Sélection officielle : Festival du film de Manchester 2016, Festival du film de Newport Beach 2016, Festival du film de San Diego 2016

Canadian Premiere Afterparty


Ce thriller sanglant et brutal se déroule dans le cadre enchanteur d’une jolie petite banlieue de l’Arizona tout ce qu’il y a de plus ordinaire. Les cartels mexicains promettent souvent mer et monde à tout un tas de pauvres gens, leur faisant passer la frontière en douce pour les rançonner ensuite — en espérant que quelqu’un ait les moyens de payer pour eux. Un groupe d’hommes est victime de ce racket plutôt lucratif, et les voilà enfermés dans une cave quelque part en sol américain, dévêtus, battus et violentés, puisque les gens qui les retiennent espèrent leur soutirer davantage d’argent.

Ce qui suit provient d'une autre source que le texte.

lemma blue_copy_lower_bound:
  assumes safe: "safe_position R B" and H: "H \<in> Con n m" and copy: "contains_copy B H" and "1 \<le> m"
  shows "\<phi> * n + m - 2 * \<phi> + 1 \<le> card R + card B"
proof -
  obtain \<sigma> where inv: "painter_invariant R B \<sigma>" using safe unfolding safe_position_def by blast
  have fin: "finite R" "finite B" and edges: "\<forall>e\<in>R \<union> B. is_edge e"
    using safe unfolding safe_position_def by auto
  obtain V E where VE: "H = (V, E)" by fastforce
  have E: "E \<subseteq> {{u, v} | u v. u \<in> V \<and> v \<in> V \<and> u \<noteq> v}" and "card V = n" "m \<le> card E"
    and conn: "connected_graph H" using H unfolding VE Con_def finite_graph_def by auto
  obtain f where "inj_on f V" and f: "\<forall>e\<in>E. f ` e \<in> B"
    using copy unfolding contains_copy_def VE by auto
  have "E \<noteq> {}" using \<open>1 \<le> m\<close> \<open>m \<le> card E\<close> by auto
  then obtain a b where "a \<in> V" "b \<in> V" "a \<noteq> b" using E by blast
  define W where "W = component (R \<union> B) (f a)"
  define t where "t = \<sigma> (f a)"
  have mono: "\<forall>a b. {a, b} \<in> B \<longrightarrow> \<sigma> a = \<sigma> b"
    using inv unfolding painter_invariant_def consistent_colouring_def by blast
  have in_class: "\<forall>v\<in>V. f v \<in> W \<and> \<sigma> (f v) = t"
  proof
    fix v assume "v \<in> V"
    then show "f v \<in> W \<and> \<sigma> (f v) = t"
      using connected_copy_monochromatic[OF mono conn, of f a v R] f \<open>a \<in> V\<close>
      unfolding W_def t_def VE by simp
  qed
  have "f b \<noteq> f a" using inj_on_eq_iff[OF \<open>inj_on f V\<close> \<open>b \<in> V\<close> \<open>a \<in> V\<close>] \<open>a \<noteq> b\<close> by simp
  moreover have "f b \<in> W" using in_class \<open>b \<in> V\<close> by simp
  ultimately have "W \<noteq> {f a}" by blast
  then have "0 \<le> surplus R B \<sigma> W t" unfolding W_def by (rule surplus_nonneg[OF inv])
  have "finite W" unfolding W_def using fin edges is_edge_finite by (simp add: finite_component)
  then have "n \<le> class_size \<sigma> W t"
    using class_size_copy_ge[OF _ \<open>inj_on f V\<close> in_class] \<open>card V = n\<close> by simp
  moreover have "real (charged_edges R B \<sigma> W t) + m \<le> card R + card B"
  proof -
    have "E \<subseteq> Pow V" using E by blast
    moreover have "{} \<notin> B" using edges not_is_edge_empty by blast
    ultimately have "charged_edges R B \<sigma> W t + card E \<le> card R + card B"
      using charged_edges_add_copy_le[OF fin _ \<open>inj_on f V\<close> _ f in_class] by simp
    then have "charged_edges R B \<sigma> W t + m \<le> card R + card B" using \<open>m \<le> card E\<close> by simp
    then show ?thesis by (metis of_nat_add of_nat_le_iff)
  qed
  moreover have "\<phi> * real n \<le> \<phi> * real (class_size \<sigma> W t)"
    using \<open>n \<le> class_size \<sigma> W t\<close> one_less_golden_ratio by simp
  moreover note \<open>0 \<le> surplus R B \<sigma> W t\<close>
  moreover have "\<phi> * (real (class_size \<sigma> W t) - 2) = \<phi> * real (class_size \<sigma> W t) - 2 * \<phi>"
    by (simp add: algebra_simps)
  ultimately show ?thesis unfolding surplus_def by linarith
qed

lemma game_over_lower_bound:
  assumes "game_over C_odd (Con n m) (R, B)" "safe_position R B" "1 \<le> m"
  shows "\<phi> * n + m - 2 * \<phi> + 1 \<le> card R + card B"
proof -
  obtain H where "H \<in> Con n m" "contains_copy B H"
    using assms(1,2) safe_position_no_red_odd_cycle unfolding game_over_def by auto
  then show ?thesis using blue_copy_lower_bound assms(2,3) by blast
qed

lemma builder_wins_lower_bound:
  assumes "builder_wins C_odd (Con n m) k (R, B)" "safe_position R B" "1 \<le> m"
  shows "\<phi> * n + m - 2 * \<phi> + 1 \<le> card R + card B + k"
  using assms(1,2)
proof (induction k arbitrary: R B)
  case 0
  then show ?case using game_over_lower_bound assms(3) by simp
next
  case (Suc k)
  show ?case
  proof (cases "game_over C_odd (Con n m) (R, B)")
    case True
    then show ?thesis using game_over_lower_bound Suc.prems(2) assms(3) by fastforce
  next
    case False
    then obtain e where e: "is_edge e" "e \<notin> R" "e \<notin> B"
      "builder_wins C_odd (Con n m) k (insert e R, B)"
      "builder_wins C_odd (Con n m) k (R, insert e B)"
      using Suc.prems(1) by auto
    have "finite R" "finite B" using Suc.prems(2) unfolding safe_position_def by auto
    then show ?thesis
      using safe_position_insert[OF Suc.prems(2) e(1-3)] Suc.IH[OF e(4)] Suc.IH[OF e(5)] e(2,3)
      by auto
  qed
qed

lemma safe_position_empty: "safe_position {} {}"
proof -
  have "component {} z = {z}" for z unfolding component_def edge_rel_def by simp
  then have "painter_invariant {} {} (\<lambda>_. True)"
    unfolding painter_invariant_def consistent_colouring_def by simp
  then show ?thesis unfolding safe_position_def by blast
qed

theorem theorem1:
  fixes n m :: nat
  assumes "n \<ge> 1" and "m \<ge> 1" and "n - 1 \<le> m" and "m \<le> n choose 2"
  shows "ereal (golden_ratio * real n + real m - 2 * golden_ratio + 1)
           \<le> online_ramsey C_odd (Con n m)"
  unfolding online_ramsey_def
proof (rule Inf_greatest)
  fix x assume "x \<in> {ereal (real k) | k. builder_wins C_odd (Con n m) k ({}, {})}"
  then obtain k where "x = ereal (real k)" "builder_wins C_odd (Con n m) k ({}, {})" by blast
  then show "ereal (golden_ratio * real n + real m - 2 * golden_ratio + 1) \<le> x"
    using builder_wins_lower_bound[OF _ safe_position_empty \<open>m \<ge> 1\<close>] by simp
qed

end
(* Let $\lambda\neq0$ and $\xi=e_{12}-e_{14}+\lambda e_2$. On $\mathbb R^4$ use the global coordinates $\tilde x^1=2\lambda x^1+(x^2+x^4)^2$, $\tilde x^2=(x^2+x^4)/\lambda$, $\tilde x^3=x^3$, $\tilde x^4=\lambda x^4+x^1(x^2+x^4)+(x^2+x^4)^3/(3\lambda)$. Then a smooth covector field $A$ on $\mathbb R^4$ satisfies $L_\xi A=0$ if and only if there are smooth functions $C_1,C_2,C_3,B$ of $(\tilde x^1,\tilde x^3,\tilde x^4)\in\mathbb R^3$ such that $$A_1=C_2\tilde x^2+C_3,\quad A_2=\tfrac12C_2(\tilde x^2)^2+C_3\tilde x^2+C_1,\quad A_3=B,\quad A_4=A_2+C_2 .$$
   Context: Work in $\mathbb R^4$ with Galilean (Cartesian) coordinates $x^1,x^2,x^3,x^4$ of Minkowski space (metric $\mathrm{diag}(-1,-1,-1,1)$). A potential on an open set $U\subseteq\mathbb R^4$ is a smooth covector field $A=A_i\,dx^i$; its components $A_i$ are always those with respect to the coordinates $x^i$, even when written as functions of other variables. For a vector field $\xi=\xi^k\partial_k$ the Lie derivative is $(L_\xi A)_i=\xi^k\partial_kA_i+A_k\partial_i\xi^k$. The vector fields used are, by components $(\xi^1,\xi^2,\xi^3,\xi^4)$: $e_1=(1,0,0,0)$, $e_2=(0,1,0,0)$, $e_3=(0,0,1,0)$, $e_4=(0,0,0,1)$, $e_{12}=(-x^2,x^1,0,0)$, $e_{13}=(x^3,0,-x^1,0)$, $e_{23}=(0,-x^3,x^2,0)$, $e_{14}=(x^4,0,0,x^1)$, $e_{24}=(0,x^4,0,x^2)$, $e_{34}=(0,0,x^4,x^3)$. A potential admits a family of vector fields if $L_\xi A=0$ for each $\xi$ in it (equivalently for every element of their linear span). "Functions" are smooth real functions; $\mathrm{ch}=\cosh$, $\mathrm{sh}=\sinh$. *)

theory Defs
  imports "HOL-Analysis.Analysis"
begin

definition pd :: "'n::finite \<Rightarrow> (real^'n \<Rightarrow> real) \<Rightarrow> real^'n \<Rightarrow> real" where
  "pd i f x = frechet_derivative f (at x) (axis i 1)"

fun Ck :: "nat \<Rightarrow> (real^'n::finite \<Rightarrow> real) \<Rightarrow> bool" where
  "Ck 0 f = continuous_on UNIV f"
| "Ck (Suc k) f = ((\<forall>x. f differentiable (at x)) \<and> (\<forall>i. Ck k (pd i f)))"

definition smooth :: "(real^'n::finite \<Rightarrow> real) \<Rightarrow> bool" where
  "smooth f \<longleftrightarrow> (\<forall>k. Ck k f)"

text \<open>A covector field on R^4 is given by its components A x $ i (w.r.t. x^i);
  a vector field likewise by xi x $ k.\<close>
definition smooth_field :: "(real^4 \<Rightarrow> real^4) \<Rightarrow> bool" where
  "smooth_field A \<longleftrightarrow> (\<forall>i. smooth (\<lambda>x. A x $ i))"

definition lie :: "(real^4 \<Rightarrow> real^4) \<Rightarrow> (real^4 \<Rightarrow> real^4) \<Rightarrow> real^4 \<Rightarrow> real^4" where
  "lie xi A x = (\<chi> i. (\<Sum>k\<in>UNIV. xi x $ k * pd k (\<lambda>y. A y $ i) x
                                + A x $ k * pd i (\<lambda>y. xi y $ k) x))"

definition e2 :: "real^4 \<Rightarrow> real^4" where
  "e2 x = vector [0, 1, 0, 0]"
definition e12 :: "real^4 \<Rightarrow> real^4" where
  "e12 x = vector [- (x$2), x$1, 0, 0]"
definition e14 :: "real^4 \<Rightarrow> real^4" where
  "e14 x = vector [x$4, 0, 0, x$1]"

end

theory Submission
  imports Defs
begin

text \<open>In the coordinates \<open>t1, \<dots>, t4\<close> of the statement, \<xi> is \<open>\<partial>/\<partial>t2\<close>: the inverse chart
  \<open>(p, s) \<mapsto> x\<close> with \<open>(t1, t3, t4) = p\<close> and \<open>t2 = s\<close> traces integral curves of \<xi> as s
  varies. Since \<xi> is affine, \<open>L\<^sub>\<xi> A = \<xi>(A) + (D\<xi>)\<^sup>T A\<close> with constant \<open>D\<xi>\<close>, so along each
  curve \<open>L\<^sub>\<xi> A = 0\<close> is the nilpotent linear ODE
  \<open>a1' = a4 - a2, a2' = a1, a3' = 0, a4' = a1\<close>, whose solutions are exactly the stated
  polynomials in s. Their coefficients are components of A at the point \<open>(p, 0)\<close> of the
  chart, which depends linearly on p, so they are smooth in p.\<close>

lemma vector_4 [simp]:
  "(vector [x, y, z, w] :: 'a::zero^4) $ 1 = x"
  "(vector [x, y, z, w] :: 'a::zero^4) $ 2 = y"
  "(vector [x, y, z, w] :: 'a::zero^4) $ 3 = z"
  "(vector [x, y, z, w] :: 'a::zero^4) $ 4 = w"
  unfolding vector_def by simp_all

lemma pd_eqI:
  assumes "(f has_derivative f') (at x)"
  shows "pd i f x = f' (axis i 1)"
  using assms unfolding pd_def by (simp add: frechet_derivative_at[symmetric])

Le personnage de Manolo, un futur père aspirant à une vie meilleure pour sa femme et son enfant à naître, est campé de brillante façon par Johnathan Sousa, qu’on a pu voir dans WEREWOMAN. Quant à Wyler, c’est un individu sans pitié, forcé de jouer les tortionnaires pour le compte du cartel, interprété par Paulino Nunes (BROOKLYN, NARC). Humiliés, brisés, montés les uns contre les autres, ces captifs réalisent peu à peu que leur seule chance de se sortir d’un tel enfer est de travailler tous ensemble. En outre, Manolo veut coûte que coûte récupérer son épouse tombée entre les griffes de Wyler…

Ce premier long métrage de Felipe Rodriguez est une apothéose de tension viscérale et de claustrophobie. En contenu comme en intensité, KIDNAP CAPITAL fait penser à une version plus crue et dénudée du très populaire SICARIO (2015). Et pour ajouter encore plus d’atrocité dans ce cauchemar — le tout est inspiré de faits vécus! L’on découvre ici les dessous les plus rébarbatifs du crime organisé, et vous serez assurément sidérés par les horreurs innommables qui sont commises dans cet anodin petit sous-sol banlieusard.